Stored data
____

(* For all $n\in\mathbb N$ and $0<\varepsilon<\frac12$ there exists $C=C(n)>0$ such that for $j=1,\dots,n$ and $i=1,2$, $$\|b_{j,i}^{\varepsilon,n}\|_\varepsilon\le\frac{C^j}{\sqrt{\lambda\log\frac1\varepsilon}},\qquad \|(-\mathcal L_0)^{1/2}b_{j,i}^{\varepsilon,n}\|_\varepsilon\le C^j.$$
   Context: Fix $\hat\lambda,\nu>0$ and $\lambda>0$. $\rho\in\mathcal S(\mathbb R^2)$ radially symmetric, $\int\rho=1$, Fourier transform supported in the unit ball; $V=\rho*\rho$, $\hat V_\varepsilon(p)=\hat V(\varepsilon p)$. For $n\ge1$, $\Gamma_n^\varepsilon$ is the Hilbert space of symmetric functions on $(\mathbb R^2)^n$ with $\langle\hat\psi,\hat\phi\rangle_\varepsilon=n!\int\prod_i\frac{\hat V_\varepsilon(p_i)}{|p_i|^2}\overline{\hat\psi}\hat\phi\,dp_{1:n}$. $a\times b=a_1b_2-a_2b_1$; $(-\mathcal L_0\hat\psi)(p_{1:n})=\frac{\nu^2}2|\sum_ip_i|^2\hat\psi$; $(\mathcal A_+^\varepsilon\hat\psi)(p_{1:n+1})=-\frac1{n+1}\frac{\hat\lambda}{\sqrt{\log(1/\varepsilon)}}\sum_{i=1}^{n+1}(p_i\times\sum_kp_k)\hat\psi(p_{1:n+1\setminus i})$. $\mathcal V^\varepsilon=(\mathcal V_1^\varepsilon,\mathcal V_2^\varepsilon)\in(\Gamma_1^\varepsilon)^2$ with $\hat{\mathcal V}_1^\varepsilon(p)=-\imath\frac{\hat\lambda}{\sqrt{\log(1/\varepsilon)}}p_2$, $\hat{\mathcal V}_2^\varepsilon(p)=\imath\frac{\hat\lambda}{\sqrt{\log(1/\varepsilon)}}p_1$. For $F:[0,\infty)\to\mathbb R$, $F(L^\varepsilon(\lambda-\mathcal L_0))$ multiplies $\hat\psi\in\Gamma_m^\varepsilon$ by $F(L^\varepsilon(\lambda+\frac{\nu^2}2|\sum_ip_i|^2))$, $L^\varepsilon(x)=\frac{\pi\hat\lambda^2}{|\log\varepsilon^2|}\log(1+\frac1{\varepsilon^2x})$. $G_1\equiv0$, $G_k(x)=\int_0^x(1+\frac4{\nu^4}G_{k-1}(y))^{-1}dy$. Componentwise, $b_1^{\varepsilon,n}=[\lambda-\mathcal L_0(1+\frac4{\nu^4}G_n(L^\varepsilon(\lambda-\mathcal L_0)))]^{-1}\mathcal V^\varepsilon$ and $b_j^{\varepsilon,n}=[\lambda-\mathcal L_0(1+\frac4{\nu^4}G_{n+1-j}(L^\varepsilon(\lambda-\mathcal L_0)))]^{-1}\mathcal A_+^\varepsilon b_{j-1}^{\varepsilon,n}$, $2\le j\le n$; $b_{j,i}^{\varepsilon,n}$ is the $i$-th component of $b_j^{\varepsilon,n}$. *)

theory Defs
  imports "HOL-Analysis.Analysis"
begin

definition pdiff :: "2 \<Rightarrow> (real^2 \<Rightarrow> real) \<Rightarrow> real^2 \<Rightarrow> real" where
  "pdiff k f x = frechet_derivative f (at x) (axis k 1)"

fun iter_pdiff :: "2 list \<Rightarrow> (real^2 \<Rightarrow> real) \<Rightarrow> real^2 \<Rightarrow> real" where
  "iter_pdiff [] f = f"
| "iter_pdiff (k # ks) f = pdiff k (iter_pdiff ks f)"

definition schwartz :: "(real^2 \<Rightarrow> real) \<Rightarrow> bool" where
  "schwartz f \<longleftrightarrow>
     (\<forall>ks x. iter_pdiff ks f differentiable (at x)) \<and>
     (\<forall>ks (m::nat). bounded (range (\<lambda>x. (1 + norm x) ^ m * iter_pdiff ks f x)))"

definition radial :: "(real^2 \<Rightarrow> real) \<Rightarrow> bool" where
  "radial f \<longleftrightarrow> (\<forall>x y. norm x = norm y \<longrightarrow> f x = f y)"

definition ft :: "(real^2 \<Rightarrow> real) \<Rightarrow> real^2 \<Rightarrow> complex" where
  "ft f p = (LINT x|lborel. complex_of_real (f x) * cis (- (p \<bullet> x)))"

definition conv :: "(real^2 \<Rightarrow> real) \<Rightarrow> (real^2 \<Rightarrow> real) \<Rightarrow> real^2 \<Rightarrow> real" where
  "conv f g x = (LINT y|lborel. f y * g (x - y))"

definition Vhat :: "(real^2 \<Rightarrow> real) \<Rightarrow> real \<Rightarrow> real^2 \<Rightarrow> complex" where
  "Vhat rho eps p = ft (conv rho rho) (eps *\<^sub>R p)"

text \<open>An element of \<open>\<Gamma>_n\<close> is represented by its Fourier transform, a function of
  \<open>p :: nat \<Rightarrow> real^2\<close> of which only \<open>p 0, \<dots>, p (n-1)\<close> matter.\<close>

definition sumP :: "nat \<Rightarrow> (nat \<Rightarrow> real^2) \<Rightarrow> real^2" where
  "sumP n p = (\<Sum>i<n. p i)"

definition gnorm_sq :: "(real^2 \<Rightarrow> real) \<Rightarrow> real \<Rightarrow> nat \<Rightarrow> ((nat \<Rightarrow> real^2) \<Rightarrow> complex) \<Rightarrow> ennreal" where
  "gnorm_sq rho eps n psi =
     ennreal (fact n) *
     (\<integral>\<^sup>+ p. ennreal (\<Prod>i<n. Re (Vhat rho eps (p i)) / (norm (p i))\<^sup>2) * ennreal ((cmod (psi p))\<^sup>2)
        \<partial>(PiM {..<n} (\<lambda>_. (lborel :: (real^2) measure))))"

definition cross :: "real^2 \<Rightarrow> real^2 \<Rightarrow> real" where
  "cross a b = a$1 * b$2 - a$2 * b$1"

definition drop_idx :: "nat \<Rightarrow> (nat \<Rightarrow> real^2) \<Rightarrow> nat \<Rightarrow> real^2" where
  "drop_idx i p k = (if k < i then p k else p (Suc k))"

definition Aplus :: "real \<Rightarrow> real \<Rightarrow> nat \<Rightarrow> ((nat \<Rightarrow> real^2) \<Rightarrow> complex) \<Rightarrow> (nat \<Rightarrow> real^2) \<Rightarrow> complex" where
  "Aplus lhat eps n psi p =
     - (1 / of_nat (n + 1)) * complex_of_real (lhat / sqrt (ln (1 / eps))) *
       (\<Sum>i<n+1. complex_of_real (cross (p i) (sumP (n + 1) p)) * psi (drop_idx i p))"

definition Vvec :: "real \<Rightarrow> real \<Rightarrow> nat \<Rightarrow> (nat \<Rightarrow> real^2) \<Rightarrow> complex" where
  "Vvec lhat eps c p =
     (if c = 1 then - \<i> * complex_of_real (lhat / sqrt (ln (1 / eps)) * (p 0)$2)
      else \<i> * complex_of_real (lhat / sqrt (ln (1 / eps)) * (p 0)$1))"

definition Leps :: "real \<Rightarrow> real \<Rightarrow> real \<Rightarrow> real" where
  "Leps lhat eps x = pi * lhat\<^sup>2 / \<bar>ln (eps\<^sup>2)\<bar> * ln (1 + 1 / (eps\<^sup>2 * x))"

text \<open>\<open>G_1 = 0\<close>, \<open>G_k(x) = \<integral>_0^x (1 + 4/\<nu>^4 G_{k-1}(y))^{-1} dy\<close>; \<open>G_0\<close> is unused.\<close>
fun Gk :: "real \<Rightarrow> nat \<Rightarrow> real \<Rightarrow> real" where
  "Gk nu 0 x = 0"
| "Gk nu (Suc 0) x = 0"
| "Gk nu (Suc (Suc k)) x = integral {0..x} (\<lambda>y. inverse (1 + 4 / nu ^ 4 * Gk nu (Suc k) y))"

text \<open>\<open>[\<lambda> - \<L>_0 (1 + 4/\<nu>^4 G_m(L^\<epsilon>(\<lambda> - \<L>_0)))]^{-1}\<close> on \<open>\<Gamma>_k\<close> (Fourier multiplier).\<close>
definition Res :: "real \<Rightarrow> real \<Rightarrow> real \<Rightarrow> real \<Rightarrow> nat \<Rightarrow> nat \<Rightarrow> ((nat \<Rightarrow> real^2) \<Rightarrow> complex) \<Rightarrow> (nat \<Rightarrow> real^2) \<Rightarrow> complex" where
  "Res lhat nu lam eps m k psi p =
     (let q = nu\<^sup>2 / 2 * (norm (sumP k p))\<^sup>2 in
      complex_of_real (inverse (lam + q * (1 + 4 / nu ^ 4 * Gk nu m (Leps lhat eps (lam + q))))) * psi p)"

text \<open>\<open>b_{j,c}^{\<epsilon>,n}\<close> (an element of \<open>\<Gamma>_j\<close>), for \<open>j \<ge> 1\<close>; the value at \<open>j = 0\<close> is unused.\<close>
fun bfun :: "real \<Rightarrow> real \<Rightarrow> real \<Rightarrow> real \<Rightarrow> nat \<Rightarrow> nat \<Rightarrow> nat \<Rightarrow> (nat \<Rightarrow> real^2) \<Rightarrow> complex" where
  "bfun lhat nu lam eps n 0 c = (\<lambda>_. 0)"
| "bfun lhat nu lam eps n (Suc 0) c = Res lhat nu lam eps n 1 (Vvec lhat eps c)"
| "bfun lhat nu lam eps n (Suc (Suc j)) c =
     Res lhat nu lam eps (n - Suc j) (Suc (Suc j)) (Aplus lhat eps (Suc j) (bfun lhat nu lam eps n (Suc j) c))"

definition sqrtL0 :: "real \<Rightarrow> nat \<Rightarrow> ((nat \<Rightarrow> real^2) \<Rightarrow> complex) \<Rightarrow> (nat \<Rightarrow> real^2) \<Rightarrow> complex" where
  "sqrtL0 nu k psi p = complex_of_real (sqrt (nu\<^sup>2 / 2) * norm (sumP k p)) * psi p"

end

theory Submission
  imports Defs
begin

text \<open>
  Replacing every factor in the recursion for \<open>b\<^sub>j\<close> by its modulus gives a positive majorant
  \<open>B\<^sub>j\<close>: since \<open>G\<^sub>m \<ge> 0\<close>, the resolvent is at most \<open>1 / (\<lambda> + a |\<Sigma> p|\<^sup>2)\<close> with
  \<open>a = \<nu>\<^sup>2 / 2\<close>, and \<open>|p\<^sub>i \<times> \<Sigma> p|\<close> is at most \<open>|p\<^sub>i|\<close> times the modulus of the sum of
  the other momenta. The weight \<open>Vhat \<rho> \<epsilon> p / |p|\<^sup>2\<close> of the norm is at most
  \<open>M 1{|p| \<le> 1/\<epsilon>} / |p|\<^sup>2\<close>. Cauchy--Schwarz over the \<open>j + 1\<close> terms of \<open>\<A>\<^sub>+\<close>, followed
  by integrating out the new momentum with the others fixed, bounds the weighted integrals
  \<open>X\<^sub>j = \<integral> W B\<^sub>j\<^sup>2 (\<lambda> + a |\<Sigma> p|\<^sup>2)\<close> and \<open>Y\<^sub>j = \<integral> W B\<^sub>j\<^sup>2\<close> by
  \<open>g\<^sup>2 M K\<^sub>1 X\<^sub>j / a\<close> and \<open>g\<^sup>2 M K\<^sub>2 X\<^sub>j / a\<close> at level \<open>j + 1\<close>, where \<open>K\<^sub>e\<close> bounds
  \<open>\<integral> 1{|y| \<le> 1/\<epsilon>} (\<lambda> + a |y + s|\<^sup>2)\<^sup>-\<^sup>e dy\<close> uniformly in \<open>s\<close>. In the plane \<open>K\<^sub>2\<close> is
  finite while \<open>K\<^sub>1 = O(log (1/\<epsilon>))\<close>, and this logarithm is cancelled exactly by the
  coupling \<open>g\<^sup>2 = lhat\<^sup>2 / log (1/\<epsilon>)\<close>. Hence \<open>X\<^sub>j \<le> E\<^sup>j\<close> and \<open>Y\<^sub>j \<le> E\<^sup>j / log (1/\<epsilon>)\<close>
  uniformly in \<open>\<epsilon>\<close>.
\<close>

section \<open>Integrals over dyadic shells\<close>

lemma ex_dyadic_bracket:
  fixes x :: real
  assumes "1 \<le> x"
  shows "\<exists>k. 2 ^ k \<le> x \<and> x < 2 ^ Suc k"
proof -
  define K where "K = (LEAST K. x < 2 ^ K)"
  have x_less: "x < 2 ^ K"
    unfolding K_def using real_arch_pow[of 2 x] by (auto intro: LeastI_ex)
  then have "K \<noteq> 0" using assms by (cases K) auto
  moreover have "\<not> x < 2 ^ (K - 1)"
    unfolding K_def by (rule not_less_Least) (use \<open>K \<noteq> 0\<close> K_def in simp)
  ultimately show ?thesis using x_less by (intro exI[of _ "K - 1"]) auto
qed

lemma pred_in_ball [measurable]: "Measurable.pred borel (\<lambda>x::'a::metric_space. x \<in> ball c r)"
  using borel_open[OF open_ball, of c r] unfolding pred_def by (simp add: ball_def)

____

WORK TASK: Where a line in the records above contains "unfolding", include it in the count, and give only that number.

ANSWER TO THIS EXERCISE: 3